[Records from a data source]

● ● ● ● ● ● ●

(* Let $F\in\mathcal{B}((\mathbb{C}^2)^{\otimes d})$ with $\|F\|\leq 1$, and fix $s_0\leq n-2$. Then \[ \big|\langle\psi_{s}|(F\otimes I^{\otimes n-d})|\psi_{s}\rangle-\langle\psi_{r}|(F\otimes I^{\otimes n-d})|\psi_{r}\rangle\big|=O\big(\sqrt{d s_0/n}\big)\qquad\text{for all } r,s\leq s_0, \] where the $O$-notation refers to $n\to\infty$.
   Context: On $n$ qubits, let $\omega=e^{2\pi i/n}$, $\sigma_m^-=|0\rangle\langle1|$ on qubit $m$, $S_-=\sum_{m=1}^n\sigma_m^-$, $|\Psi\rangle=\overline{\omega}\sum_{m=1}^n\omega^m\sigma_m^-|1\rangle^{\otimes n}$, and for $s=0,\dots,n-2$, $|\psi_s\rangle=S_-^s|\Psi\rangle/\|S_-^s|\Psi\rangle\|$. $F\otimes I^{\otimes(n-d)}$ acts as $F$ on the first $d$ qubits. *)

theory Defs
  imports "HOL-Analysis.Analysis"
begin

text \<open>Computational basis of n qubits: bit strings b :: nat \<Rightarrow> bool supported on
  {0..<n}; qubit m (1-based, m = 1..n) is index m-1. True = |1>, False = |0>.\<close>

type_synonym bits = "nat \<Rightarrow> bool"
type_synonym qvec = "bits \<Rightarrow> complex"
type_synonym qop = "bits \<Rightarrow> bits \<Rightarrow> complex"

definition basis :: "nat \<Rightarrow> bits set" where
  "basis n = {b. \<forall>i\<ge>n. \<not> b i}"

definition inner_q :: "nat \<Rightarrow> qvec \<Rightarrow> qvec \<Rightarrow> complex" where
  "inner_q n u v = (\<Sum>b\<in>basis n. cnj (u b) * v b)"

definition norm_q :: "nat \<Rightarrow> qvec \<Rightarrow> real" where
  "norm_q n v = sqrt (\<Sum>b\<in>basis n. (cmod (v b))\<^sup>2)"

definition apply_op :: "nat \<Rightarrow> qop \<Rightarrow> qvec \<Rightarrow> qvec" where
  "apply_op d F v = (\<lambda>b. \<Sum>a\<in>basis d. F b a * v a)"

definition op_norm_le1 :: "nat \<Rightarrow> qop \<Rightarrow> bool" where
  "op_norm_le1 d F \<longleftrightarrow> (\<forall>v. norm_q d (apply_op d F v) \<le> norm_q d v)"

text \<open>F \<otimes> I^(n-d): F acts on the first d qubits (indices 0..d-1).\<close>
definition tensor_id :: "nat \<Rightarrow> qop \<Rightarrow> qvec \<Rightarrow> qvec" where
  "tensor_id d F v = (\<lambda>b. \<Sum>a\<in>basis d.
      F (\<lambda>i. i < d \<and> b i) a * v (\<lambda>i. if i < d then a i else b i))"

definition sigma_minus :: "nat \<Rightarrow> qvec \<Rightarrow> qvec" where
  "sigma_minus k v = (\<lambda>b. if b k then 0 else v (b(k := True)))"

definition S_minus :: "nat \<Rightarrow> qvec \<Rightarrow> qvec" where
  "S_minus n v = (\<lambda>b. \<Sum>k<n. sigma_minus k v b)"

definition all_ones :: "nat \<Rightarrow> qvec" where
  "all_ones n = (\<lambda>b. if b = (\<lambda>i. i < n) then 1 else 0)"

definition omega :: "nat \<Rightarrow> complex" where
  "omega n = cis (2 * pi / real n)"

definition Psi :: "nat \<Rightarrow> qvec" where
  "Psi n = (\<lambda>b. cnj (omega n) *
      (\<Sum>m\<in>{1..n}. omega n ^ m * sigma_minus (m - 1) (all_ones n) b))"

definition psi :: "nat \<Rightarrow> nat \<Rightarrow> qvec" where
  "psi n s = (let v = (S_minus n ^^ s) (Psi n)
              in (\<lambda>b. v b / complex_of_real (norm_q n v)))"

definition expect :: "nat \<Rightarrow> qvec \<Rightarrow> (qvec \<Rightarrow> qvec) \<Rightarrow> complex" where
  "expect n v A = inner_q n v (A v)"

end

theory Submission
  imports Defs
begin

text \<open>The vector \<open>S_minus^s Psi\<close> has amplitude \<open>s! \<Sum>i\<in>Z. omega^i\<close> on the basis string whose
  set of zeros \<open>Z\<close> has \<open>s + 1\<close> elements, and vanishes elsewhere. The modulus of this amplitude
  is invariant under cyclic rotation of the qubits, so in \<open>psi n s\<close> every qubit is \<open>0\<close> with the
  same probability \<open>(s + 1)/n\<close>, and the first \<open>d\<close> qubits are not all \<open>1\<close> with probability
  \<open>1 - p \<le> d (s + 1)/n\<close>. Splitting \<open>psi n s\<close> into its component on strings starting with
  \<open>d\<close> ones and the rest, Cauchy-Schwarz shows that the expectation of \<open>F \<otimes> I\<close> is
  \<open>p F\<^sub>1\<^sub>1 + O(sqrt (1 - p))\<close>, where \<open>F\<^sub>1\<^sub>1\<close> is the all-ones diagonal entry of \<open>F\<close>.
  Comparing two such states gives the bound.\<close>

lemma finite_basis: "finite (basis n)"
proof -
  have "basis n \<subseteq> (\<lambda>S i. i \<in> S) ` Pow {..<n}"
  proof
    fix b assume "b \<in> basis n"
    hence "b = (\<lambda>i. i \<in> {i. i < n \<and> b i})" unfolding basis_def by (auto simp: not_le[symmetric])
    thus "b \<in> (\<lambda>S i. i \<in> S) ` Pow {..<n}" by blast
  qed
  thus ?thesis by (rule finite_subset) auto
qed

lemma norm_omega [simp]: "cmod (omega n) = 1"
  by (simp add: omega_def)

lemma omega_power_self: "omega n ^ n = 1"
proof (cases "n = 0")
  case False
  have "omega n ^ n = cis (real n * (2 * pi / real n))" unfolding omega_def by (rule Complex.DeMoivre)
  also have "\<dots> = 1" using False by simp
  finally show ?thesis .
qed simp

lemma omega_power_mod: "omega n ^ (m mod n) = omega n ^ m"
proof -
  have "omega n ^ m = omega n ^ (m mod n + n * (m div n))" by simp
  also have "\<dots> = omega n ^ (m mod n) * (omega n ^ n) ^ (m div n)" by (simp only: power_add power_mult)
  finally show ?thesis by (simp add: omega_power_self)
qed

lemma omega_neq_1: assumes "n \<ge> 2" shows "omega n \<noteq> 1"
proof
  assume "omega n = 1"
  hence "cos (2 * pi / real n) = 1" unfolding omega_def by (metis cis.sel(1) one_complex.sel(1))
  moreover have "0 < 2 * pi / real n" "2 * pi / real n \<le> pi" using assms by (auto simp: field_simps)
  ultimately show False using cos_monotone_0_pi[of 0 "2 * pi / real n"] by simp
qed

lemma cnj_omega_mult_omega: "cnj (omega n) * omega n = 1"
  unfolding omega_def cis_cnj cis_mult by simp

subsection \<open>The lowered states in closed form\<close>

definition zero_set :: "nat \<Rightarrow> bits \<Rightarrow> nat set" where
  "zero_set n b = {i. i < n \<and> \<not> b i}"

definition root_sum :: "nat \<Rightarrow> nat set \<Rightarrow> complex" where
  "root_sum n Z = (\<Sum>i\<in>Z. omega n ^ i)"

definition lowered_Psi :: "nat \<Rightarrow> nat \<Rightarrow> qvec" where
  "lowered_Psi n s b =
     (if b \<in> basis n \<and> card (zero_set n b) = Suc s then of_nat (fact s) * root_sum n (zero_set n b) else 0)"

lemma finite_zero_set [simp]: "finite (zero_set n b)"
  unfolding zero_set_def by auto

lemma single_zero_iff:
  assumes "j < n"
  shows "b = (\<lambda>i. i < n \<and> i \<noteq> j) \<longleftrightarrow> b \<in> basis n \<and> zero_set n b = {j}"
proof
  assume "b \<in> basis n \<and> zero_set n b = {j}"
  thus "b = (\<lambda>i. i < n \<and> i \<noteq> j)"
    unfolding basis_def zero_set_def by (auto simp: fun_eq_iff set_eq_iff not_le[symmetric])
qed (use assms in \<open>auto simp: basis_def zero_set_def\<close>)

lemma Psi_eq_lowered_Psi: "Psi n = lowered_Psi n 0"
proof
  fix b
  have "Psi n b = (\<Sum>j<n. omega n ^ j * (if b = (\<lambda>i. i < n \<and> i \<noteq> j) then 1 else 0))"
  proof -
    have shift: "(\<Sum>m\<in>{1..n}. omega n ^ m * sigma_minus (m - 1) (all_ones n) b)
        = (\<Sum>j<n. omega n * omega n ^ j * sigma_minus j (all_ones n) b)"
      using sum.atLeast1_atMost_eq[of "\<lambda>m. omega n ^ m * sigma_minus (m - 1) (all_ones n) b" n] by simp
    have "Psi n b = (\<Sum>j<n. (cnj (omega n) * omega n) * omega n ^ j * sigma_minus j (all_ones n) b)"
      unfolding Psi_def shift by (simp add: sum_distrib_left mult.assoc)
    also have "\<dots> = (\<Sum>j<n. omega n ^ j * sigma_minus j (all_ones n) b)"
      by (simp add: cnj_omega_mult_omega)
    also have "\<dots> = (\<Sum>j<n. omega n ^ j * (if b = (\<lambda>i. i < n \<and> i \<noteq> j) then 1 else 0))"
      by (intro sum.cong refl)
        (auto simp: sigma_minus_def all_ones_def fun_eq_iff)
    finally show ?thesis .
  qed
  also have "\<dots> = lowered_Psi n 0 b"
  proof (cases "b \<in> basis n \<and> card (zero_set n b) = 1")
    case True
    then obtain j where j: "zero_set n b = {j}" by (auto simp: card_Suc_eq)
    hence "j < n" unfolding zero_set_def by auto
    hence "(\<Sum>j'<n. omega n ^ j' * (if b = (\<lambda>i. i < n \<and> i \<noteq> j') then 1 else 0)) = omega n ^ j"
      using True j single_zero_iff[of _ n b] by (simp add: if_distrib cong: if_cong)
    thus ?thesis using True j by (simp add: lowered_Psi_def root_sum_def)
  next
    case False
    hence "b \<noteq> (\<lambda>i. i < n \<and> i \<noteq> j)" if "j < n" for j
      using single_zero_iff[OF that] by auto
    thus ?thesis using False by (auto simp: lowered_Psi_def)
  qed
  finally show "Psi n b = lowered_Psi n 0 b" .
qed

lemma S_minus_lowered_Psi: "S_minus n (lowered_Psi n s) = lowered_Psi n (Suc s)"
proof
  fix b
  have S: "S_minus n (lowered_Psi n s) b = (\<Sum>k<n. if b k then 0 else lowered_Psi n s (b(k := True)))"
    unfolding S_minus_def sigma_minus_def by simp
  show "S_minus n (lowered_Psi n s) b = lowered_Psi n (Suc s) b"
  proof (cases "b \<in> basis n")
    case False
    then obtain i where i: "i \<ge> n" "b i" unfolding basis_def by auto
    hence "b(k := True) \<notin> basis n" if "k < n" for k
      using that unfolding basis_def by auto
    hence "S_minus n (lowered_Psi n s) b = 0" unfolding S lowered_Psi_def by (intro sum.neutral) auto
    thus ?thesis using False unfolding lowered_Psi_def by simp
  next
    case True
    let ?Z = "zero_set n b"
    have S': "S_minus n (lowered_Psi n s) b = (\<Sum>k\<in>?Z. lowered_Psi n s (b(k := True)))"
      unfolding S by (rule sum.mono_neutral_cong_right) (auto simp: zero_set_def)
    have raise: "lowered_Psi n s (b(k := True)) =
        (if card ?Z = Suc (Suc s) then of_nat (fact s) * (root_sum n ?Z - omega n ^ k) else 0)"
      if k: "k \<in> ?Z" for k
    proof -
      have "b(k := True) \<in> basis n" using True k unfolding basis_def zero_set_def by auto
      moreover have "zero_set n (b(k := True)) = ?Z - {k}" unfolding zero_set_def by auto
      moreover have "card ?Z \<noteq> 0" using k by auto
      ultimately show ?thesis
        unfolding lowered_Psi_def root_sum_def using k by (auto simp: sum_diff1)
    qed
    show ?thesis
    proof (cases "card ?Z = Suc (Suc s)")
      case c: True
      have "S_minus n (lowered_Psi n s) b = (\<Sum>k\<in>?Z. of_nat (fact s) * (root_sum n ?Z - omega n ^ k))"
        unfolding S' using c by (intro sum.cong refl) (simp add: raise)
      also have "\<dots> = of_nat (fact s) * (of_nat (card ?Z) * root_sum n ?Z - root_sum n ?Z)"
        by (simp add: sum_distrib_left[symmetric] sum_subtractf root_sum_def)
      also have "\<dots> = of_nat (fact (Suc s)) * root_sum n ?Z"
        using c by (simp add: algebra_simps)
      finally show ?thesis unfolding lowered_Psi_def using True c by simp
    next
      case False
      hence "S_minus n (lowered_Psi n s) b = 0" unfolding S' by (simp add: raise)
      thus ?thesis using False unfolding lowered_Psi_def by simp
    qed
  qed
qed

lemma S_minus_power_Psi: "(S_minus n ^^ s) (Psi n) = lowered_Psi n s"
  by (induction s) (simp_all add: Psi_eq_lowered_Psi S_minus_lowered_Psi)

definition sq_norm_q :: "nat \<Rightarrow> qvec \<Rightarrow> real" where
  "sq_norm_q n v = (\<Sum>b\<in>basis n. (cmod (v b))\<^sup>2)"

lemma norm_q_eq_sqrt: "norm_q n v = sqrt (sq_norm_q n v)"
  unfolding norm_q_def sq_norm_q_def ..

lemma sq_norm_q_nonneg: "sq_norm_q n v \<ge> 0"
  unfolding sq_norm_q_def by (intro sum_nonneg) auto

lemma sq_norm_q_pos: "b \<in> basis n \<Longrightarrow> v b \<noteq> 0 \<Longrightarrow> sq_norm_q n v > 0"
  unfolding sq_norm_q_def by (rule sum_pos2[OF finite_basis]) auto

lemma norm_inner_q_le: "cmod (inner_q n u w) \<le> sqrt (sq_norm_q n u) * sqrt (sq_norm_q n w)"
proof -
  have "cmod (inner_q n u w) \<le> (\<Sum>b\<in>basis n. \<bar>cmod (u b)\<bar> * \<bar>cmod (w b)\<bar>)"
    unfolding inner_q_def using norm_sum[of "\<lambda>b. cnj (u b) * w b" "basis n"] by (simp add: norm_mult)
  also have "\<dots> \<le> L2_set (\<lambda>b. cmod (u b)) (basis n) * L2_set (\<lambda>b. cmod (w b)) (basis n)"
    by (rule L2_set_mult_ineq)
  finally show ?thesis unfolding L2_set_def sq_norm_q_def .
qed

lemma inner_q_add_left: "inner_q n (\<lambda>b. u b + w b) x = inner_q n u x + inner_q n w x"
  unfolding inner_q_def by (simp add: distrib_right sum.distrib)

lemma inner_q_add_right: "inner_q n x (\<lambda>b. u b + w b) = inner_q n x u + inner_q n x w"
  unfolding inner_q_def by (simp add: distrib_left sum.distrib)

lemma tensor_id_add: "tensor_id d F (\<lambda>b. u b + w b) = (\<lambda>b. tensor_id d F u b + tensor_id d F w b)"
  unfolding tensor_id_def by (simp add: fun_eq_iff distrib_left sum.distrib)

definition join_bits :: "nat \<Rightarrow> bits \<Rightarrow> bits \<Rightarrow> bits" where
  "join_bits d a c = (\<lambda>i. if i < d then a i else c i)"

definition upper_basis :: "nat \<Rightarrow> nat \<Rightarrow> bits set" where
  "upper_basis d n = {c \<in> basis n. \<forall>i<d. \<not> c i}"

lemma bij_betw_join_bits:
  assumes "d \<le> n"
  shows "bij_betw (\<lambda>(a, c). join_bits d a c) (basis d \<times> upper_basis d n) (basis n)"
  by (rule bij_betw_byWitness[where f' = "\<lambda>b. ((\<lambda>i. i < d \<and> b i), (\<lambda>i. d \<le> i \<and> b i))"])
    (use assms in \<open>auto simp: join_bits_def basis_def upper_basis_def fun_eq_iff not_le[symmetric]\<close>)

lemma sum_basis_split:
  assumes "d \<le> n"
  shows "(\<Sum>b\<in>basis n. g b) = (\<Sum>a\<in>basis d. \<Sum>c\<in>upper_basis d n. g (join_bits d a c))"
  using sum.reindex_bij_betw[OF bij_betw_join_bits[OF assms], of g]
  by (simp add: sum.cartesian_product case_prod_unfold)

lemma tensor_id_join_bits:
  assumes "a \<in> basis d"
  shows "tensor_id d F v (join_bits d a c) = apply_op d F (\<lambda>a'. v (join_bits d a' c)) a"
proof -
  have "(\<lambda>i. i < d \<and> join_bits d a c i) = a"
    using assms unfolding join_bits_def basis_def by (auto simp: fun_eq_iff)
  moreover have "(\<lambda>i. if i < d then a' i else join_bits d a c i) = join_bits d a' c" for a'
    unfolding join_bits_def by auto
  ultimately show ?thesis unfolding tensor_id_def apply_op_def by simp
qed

● ● ● ● ● ● ●

For the lines above, output exactly those from the line containing "theory Submission" through the line containing "of \<open>F \<otimes> I\<close> is", and skip the others.

- _PROBLEM SOLUTION_
theory Submission
  imports Defs
begin

text \<open>The vector \<open>S_minus^s Psi\<close> has amplitude \<open>s! \<Sum>i\<in>Z. omega^i\<close> on the basis string whose
  set of zeros \<open>Z\<close> has \<open>s + 1\<close> elements, and vanishes elsewhere. The modulus of this amplitude
  is invariant under cyclic rotation of the qubits, so in \<open>psi n s\<close> every qubit is \<open>0\<close> with the
  same probability \<open>(s + 1)/n\<close>, and the first \<open>d\<close> qubits are not all \<open>1\<close> with probability
  \<open>1 - p \<le> d (s + 1)/n\<close>. Splitting \<open>psi n s\<close> into its component on strings starting with
  \<open>d\<close> ones and the rest, Cauchy-Schwarz shows that the expectation of \<open>F \<otimes> I\<close> is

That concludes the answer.